----- Data to process -----

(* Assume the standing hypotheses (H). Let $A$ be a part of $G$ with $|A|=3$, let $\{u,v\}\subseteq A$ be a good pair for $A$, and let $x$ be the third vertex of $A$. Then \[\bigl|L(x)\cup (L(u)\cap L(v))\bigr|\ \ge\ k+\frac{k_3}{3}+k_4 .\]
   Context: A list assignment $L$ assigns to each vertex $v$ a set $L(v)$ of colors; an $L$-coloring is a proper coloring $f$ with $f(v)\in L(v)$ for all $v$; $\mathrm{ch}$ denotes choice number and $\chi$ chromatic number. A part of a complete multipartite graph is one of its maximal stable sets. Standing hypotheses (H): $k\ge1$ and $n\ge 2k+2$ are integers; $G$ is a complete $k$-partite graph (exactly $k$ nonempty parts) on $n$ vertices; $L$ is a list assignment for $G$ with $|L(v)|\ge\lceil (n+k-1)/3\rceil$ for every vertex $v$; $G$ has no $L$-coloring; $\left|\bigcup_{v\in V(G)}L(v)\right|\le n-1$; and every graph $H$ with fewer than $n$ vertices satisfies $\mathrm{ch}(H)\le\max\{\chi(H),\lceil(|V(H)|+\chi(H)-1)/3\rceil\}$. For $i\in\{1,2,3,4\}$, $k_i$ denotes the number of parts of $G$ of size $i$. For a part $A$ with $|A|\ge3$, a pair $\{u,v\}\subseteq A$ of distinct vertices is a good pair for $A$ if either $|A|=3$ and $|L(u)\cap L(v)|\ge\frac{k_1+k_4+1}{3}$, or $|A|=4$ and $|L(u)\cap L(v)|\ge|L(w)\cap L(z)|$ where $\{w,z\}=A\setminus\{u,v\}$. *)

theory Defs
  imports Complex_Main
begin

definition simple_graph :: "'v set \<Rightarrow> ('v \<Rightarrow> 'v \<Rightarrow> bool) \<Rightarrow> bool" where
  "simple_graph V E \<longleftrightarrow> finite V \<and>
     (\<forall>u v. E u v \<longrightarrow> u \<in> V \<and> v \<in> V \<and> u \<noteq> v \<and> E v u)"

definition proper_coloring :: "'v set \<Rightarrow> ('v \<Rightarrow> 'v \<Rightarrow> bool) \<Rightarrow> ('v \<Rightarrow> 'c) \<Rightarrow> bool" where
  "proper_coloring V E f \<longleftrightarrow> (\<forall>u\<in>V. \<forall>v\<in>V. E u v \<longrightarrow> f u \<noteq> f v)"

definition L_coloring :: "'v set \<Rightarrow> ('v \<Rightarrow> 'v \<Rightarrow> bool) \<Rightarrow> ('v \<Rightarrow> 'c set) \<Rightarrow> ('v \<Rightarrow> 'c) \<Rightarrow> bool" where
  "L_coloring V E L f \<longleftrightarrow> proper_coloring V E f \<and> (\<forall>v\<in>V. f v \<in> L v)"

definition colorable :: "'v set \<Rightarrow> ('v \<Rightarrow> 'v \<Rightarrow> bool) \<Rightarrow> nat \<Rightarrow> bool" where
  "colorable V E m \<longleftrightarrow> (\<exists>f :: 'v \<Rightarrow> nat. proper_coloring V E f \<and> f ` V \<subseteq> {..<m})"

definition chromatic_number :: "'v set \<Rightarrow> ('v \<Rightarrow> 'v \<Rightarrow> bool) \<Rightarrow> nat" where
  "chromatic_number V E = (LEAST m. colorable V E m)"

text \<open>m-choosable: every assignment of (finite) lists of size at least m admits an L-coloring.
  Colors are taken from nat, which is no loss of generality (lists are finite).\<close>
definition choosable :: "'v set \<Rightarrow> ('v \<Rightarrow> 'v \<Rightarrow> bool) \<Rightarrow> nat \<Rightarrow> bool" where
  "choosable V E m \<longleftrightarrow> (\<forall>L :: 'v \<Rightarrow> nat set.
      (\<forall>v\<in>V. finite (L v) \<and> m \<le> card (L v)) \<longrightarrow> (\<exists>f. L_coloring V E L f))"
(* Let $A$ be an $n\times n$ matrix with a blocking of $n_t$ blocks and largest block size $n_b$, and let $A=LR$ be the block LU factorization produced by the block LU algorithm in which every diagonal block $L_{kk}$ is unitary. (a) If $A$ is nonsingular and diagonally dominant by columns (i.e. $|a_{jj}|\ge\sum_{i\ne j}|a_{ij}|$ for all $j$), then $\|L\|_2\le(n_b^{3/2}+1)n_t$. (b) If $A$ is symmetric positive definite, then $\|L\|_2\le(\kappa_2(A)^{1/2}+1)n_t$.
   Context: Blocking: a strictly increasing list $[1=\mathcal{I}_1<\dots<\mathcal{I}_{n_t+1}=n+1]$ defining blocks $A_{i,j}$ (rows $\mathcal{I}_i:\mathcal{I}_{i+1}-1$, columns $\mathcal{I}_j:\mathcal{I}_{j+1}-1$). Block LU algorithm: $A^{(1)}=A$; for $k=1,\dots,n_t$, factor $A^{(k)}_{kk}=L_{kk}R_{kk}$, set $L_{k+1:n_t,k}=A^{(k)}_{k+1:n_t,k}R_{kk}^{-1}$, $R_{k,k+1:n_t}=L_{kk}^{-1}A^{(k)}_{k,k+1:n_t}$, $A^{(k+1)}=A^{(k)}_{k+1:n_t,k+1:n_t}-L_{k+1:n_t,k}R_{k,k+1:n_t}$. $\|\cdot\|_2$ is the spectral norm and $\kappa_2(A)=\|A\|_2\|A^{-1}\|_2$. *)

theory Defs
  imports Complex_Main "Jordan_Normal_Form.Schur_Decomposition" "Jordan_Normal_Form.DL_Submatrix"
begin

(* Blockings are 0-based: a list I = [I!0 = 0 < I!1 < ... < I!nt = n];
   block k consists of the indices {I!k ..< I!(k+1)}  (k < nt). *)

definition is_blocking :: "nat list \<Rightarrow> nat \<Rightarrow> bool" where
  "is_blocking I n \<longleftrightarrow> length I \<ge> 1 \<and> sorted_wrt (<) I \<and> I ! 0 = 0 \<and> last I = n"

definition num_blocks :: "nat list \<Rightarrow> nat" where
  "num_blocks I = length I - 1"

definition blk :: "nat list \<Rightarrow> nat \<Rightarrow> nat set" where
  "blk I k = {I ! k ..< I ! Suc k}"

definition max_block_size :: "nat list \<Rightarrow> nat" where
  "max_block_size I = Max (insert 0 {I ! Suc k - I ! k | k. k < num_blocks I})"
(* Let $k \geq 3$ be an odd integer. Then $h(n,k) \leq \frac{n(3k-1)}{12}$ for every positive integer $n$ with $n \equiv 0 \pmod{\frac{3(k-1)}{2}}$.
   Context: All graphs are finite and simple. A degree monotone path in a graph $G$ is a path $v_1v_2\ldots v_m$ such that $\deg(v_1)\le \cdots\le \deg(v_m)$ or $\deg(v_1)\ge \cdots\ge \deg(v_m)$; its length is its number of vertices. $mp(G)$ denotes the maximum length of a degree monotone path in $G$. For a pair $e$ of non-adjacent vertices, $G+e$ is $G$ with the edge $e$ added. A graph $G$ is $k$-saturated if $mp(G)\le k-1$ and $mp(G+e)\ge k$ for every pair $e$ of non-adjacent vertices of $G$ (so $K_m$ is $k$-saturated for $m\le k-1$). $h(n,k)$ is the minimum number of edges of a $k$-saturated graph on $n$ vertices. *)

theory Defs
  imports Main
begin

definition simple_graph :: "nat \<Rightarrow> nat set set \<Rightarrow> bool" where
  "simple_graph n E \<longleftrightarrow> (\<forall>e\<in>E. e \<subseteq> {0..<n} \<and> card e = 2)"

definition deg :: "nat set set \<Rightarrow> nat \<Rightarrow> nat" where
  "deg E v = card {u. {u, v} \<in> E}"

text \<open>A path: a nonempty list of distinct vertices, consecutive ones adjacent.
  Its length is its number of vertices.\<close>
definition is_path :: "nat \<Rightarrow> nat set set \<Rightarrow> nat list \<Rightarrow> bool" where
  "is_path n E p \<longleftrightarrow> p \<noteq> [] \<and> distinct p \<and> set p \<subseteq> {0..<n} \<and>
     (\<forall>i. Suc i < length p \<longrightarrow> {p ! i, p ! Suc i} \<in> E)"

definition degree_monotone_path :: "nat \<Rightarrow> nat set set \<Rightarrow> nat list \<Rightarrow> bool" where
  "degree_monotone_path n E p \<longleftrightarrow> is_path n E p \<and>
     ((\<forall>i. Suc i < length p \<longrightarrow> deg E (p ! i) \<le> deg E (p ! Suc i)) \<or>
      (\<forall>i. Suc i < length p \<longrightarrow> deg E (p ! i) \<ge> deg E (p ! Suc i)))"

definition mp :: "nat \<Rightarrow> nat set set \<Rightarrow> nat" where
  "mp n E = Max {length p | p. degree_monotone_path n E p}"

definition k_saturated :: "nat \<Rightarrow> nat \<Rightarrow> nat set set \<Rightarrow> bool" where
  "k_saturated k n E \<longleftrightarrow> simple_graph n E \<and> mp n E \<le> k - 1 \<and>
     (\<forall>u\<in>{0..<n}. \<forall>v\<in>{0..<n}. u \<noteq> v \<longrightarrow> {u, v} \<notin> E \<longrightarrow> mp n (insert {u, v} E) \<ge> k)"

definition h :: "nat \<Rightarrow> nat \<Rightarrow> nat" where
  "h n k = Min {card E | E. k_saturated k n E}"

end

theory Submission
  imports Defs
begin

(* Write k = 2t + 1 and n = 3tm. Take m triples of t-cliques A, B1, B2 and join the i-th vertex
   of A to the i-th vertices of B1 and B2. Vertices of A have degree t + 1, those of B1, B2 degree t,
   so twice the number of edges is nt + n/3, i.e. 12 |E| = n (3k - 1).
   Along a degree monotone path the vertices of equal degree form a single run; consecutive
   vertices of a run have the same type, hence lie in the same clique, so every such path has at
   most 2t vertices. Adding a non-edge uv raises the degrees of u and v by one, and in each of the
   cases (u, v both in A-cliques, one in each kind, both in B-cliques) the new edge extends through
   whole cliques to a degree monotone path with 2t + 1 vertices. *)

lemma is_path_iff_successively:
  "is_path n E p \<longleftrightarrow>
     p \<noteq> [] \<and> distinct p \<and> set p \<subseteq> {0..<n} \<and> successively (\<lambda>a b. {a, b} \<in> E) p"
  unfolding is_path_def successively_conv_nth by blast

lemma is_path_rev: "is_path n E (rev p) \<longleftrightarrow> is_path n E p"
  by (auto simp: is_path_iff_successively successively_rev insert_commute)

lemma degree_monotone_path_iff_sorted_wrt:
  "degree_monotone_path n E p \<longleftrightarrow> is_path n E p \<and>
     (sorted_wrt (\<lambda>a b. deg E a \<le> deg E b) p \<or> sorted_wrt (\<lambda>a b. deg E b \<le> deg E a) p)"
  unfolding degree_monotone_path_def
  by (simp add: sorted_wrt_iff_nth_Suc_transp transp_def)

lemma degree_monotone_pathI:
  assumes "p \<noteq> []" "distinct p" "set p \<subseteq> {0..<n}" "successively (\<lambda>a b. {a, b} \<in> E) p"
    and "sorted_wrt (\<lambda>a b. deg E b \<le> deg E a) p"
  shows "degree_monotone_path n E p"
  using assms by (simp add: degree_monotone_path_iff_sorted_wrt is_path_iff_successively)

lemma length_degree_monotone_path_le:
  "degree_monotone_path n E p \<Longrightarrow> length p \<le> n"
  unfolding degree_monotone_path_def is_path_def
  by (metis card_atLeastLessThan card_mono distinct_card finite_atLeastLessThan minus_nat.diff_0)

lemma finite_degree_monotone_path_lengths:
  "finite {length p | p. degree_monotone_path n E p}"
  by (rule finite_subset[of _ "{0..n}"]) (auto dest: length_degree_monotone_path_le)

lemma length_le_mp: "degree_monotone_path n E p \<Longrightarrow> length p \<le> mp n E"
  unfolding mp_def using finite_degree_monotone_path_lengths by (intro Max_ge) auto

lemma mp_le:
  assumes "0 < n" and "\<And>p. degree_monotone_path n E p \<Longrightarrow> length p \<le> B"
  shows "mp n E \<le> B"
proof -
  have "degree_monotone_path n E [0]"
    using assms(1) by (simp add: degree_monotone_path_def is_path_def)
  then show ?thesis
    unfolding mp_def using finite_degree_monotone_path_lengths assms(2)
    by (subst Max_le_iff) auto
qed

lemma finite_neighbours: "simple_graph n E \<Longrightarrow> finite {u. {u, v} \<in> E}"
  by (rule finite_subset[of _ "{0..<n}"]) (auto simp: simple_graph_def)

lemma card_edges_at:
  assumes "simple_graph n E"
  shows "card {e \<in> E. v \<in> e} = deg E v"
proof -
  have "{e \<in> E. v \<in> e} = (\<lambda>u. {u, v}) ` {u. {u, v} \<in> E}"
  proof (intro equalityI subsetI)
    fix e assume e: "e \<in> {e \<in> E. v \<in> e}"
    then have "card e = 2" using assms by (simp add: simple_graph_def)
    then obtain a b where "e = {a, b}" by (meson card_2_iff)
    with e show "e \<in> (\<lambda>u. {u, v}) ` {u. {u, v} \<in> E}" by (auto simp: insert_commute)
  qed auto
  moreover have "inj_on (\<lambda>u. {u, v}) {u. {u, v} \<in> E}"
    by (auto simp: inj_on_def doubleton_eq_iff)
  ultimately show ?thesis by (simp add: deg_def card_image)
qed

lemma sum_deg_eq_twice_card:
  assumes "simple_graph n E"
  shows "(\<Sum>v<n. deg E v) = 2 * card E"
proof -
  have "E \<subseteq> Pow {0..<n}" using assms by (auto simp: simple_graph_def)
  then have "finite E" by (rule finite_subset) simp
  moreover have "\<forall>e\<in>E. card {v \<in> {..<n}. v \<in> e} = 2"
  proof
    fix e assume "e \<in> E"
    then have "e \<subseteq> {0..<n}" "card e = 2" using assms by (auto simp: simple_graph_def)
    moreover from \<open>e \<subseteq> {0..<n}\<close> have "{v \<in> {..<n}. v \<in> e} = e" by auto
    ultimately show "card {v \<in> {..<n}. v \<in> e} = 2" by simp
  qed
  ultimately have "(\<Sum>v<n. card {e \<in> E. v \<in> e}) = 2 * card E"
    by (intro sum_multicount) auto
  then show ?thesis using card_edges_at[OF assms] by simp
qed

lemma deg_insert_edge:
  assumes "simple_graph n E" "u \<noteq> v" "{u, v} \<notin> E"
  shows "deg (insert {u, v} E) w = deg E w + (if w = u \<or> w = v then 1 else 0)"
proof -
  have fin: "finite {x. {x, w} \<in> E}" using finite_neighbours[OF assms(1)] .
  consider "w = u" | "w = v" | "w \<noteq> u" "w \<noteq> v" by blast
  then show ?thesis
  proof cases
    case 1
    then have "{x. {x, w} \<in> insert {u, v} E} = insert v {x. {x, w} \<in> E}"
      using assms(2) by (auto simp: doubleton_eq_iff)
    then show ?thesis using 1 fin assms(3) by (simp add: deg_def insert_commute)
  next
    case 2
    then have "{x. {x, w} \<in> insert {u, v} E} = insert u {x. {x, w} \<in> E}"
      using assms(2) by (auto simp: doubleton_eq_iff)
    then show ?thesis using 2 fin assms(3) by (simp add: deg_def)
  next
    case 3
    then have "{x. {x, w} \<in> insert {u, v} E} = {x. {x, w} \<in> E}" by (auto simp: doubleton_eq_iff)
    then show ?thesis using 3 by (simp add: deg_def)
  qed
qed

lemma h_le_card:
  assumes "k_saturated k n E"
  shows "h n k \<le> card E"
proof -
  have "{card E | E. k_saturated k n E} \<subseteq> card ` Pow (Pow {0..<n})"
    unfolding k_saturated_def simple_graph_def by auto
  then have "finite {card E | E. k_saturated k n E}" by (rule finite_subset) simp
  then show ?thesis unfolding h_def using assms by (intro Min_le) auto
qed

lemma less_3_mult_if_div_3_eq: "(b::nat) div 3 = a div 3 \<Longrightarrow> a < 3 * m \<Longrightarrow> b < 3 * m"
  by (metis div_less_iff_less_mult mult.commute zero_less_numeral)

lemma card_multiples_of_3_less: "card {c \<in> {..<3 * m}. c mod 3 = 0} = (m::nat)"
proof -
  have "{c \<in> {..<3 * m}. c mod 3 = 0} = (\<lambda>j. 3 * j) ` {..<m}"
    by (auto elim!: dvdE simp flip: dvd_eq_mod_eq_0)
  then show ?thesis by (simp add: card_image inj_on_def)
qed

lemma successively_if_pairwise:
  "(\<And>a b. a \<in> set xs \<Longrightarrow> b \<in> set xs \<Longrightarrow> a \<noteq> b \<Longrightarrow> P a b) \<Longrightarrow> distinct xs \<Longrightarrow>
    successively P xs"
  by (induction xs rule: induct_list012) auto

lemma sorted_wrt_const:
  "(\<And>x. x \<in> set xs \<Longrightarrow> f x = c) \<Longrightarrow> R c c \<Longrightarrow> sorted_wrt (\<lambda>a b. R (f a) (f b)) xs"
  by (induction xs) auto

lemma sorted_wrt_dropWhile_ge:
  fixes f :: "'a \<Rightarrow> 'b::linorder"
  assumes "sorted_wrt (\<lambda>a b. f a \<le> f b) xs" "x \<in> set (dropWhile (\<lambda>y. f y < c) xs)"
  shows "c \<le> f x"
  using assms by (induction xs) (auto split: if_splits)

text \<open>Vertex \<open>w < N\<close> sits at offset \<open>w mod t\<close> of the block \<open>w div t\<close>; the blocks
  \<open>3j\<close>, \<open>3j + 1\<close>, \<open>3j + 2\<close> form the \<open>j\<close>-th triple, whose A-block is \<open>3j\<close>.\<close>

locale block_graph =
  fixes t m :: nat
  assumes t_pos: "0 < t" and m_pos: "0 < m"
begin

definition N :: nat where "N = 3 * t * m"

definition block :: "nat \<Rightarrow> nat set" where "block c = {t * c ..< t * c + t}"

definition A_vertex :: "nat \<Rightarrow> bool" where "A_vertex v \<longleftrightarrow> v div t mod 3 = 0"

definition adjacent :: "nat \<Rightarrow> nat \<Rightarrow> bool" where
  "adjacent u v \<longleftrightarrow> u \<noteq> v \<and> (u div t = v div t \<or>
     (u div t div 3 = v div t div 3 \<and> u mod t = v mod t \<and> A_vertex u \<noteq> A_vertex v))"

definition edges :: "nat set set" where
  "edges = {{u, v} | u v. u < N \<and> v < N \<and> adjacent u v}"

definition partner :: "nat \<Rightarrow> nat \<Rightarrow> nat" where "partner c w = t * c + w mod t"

-----

Work task>
Read through the entries and copy each line in which "blast" appears.

Solved problem>
  unfolding is_path_def successively_conv_nth by blast
  consider "w = u" | "w = v" | "w \<noteq> u" "w \<noteq> v" by blast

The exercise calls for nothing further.